Bezos is famous for his knack of taking experiments and accepting failure as a learning experience. He reiterated his thinking during the interview.
“The size of your mistakes needs to grow along with” the company, Bezos said. “If it doesn’t, you’re not going to be inventing at scale that can actually move the needle.”
And to do so, you need to make “big, noticeable” mistakes.
via Business Insider.
We are becoming more comfortable at dealing with failed product launches. As we become more and more of a knowledge society, we need to become comfortable with increasing rates of failure, because the success of technology is even more disparate - huge benefits from a few bets while the rest are failures. At all levels of industry, including rarefied public corporations, the benefits from a big risk paying off can far outweigh the cost of a failed launch.
Bezos continues with:
The great thing is when you take this approach, a small number of winners pay for dozens, hundreds of failures. And so every single important thing that we have done has taken a lot of risk taking, perseverance, guts, and some of them have worked out, most of them have not. That has to happen at every scale level, all the way down, and you have to take shots…you always learn something and you move on.

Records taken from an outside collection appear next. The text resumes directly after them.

definition Q_amplitude :: "nat \<Rightarrow> real \<Rightarrow> real \<Rightarrow> complex" where
  "Q_amplitude r \<theta> t = exp (- \<i> * of_real t * (of_nat r + 2) / 2) * exp (- \<i> * of_real t * of_real \<theta> / 2)
     * (of_real (cos (Delta_Q r \<theta> * t / 2))
        + \<i> * of_real ((\<theta> + 2 - real r) / Delta_Q r \<theta>) * of_real (sin (Delta_Q r \<theta> * t / 2)))"

lemma Q_amplitude_eq_exp_combination:
  fixes r :: nat and \<theta> t :: real
  defines "D \<equiv> Delta_Q r \<theta>"
  defines "lp \<equiv> (real r + 2 + \<theta> + D) / 2" and "lm \<equiv> (real r + 2 + \<theta> - D) / 2"
  shows "of_real ((\<theta> + 2 - lm) / D) * exp (- \<i> * of_real t * of_real lm)
           - of_real ((\<theta> + 2 - lp) / D) * exp (- \<i> * of_real t * of_real lp) = Q_amplitude r \<theta> t"
proof -
  have "D > 0"
    unfolding D_def by (rule Delta_Q_pos)
  define X where "X = exp (- \<i> * of_real t * (of_nat r + 2) / 2) * exp (- \<i> * of_real t * of_real \<theta> / 2)"
  define \<phi> where "\<phi> = D * t / 2"
  define \<kappa> where "\<kappa> = (\<theta> + 2 - real r) / D"
  have exp_lm: "exp (- \<i> * of_real t * of_real lm) = X * exp (\<i> * of_real \<phi>)"
  proof -
    have "- \<i> * of_real t * of_real lm
        = - \<i> * of_real t * (of_nat r + 2) / 2 + - \<i> * of_real t * of_real \<theta> / 2 + \<i> * of_real \<phi>"
      unfolding lm_def \<phi>_def by (simp add: field_simps)
    then show ?thesis
      unfolding X_def by (simp only: exp_add)
  qed
  have exp_lp: "exp (- \<i> * of_real t * of_real lp) = X * exp (- (\<i> * of_real \<phi>))"
  proof -
    have "- \<i> * of_real t * of_real lp
        = - \<i> * of_real t * (of_nat r + 2) / 2 + - \<i> * of_real t * of_real \<theta> / 2 + - (\<i> * of_real \<phi>)"
      unfolding lp_def \<phi>_def by (simp add: field_simps)
    then show ?thesis
      unfolding X_def by (simp only: exp_add)
  qed
  have coeff_lm: "(\<theta> + 2 - lm) / D = 1/2 + \<kappa> / 2" and coeff_lp: "(\<theta> + 2 - lp) / D = - 1/2 + \<kappa> / 2"
    using \<open>D > 0\<close> unfolding lm_def lp_def \<kappa>_def by (simp_all add: field_simps)
  have exp_neg: "exp (- (\<i> * complex_of_real \<phi>)) = of_real (cos \<phi>) - \<i> * of_real (sin \<phi>)"
    using exp_i_times_real[of "- \<phi>"] by simp
  have "of_real ((\<theta> + 2 - lm) / D) * exp (- \<i> * of_real t * of_real lm)
      - of_real ((\<theta> + 2 - lp) / D) * exp (- \<i> * of_real t * of_real lp)
      = X * (of_real (cos \<phi>) + \<i> * of_real \<kappa> * of_real (sin \<phi>))"
    unfolding exp_lm exp_lp coeff_lm coeff_lp exp_neg exp_i_times_real by (simp add: algebra_simps)
  also have "\<dots> = Q_amplitude r \<theta> t"
    unfolding Q_amplitude_def X_def \<phi>_def \<kappa>_def D_def by (simp add: mult_ac)
  finally show ?thesis .
qed
(* There is an absolute constant $C$ such that for every $n$ and every $0<B=B(n)<n$ there exists a subspace $\mathcal{M}\subseteq\mathbb{C}^{2^n}$ of dimension at least $2^B$ that is $(\mathcal{E}_{\mathrm{bitflip}},\varepsilon)$ immune with $\varepsilon\le C\,\frac{B\log n}{n}$.
   Context: $\mathbb{C}^{2^n}$ has standard basis $\{|x\rangle : x\in\{0,1\}^n\}$. For $i\in[n]$, $S\subseteq\{0,1\}^{n-1}$, $E_{i,S}$ is the linear operator with $E_{i,S}|x\rangle=|x\oplus e_i\rangle$ if $(x_1,\dots,x_{i-1},x_{i+1},\dots,x_n)\in S$ and $E_{i,S}|x\rangle=|x\rangle$ otherwise (a controlled bit flip of qubit $i$); $\mathcal{E}_{\mathrm{bitflip}}=\{E_{i,S}: i\in[n], S\subseteq\{0,1\}^{n-1}\}$. A subspace $\mathcal{M}$ is $(\mathcal{E},\varepsilon)$ immune if for every $X\in\mathcal{E}$ and every $\phi\in\mathcal{M}$, $|\phi^*X\phi|\ge(1-\varepsilon)|\phi^*\phi|$. *)

theory Defs
  imports Complex_Main
begin

text \<open>Basis states |x>, x in {0,1}^n, are bool lists of length n (qubits indexed 0..n-1).
  A vector of C^(2^n) is a function bool list => complex vanishing outside length-n lists.\<close>

type_synonym qvec = "bool list \<Rightarrow> complex"

definition basis :: "nat \<Rightarrow> bool list set" where
  "basis n = {x. length x = n}"

definition is_qvec :: "nat \<Rightarrow> qvec \<Rightarrow> bool" where
  "is_qvec n \<phi> \<longleftrightarrow> (\<forall>x. length x \<noteq> n \<longrightarrow> \<phi> x = 0)"

definition is_subspace :: "nat \<Rightarrow> qvec set \<Rightarrow> bool" where
  "is_subspace n M \<longleftrightarrow> (\<forall>\<phi>\<in>M. is_qvec n \<phi>) \<and> (\<lambda>_. 0) \<in> M \<and>
     (\<forall>\<phi>\<in>M. \<forall>\<psi>\<in>M. (\<lambda>x. \<phi> x + \<psi> x) \<in> M) \<and>
     (\<forall>c. \<forall>\<phi>\<in>M. (\<lambda>x. c * \<phi> x) \<in> M)"

definition dim_at_least :: "nat \<Rightarrow> qvec set \<Rightarrow> nat \<Rightarrow> bool" where
  "dim_at_least n M k \<longleftrightarrow> (\<exists>v :: nat \<Rightarrow> qvec. (\<forall>i<k. v i \<in> M) \<and>
     (\<forall>c :: nat \<Rightarrow> complex. (\<forall>x \<in> basis n. (\<Sum>i<k. c i * v i x) = 0) \<longrightarrow> (\<forall>i<k. c i = 0)))"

The Information does a great job echoing this sentiment about Twitter’s recent lack of failures. Essentially, if your organization is not failing very much, that means it is likely not on the edge of chaos and not taking enough bets that might amount to wins.
This is also why many companies do not want to go public. Wall Street lacks a vocabulary for failure. They just call it a “success” or a “flop” and most investors who are buying and selling stock based on earnings are looking at things in a very short-sighted way. It’s a very one-dimensional way of evaluating technology companies. It’s more akin to valuing a textile factory than it is a tech company.
Even in the upper-echelons of academia and business, we should develop a better a vocabulary for failure. Our understanding of something is only as good as the vocabulary we use to describe it. In Japanese culture, for example, there are over 20 ways of saying “sorry.”
Different types of failure:
Needless to say, we should not begin projects expecting them to fail. Doing so would be negligent. But if we can rationalize trying something, and the cost of failure is low enough, why not give it a try?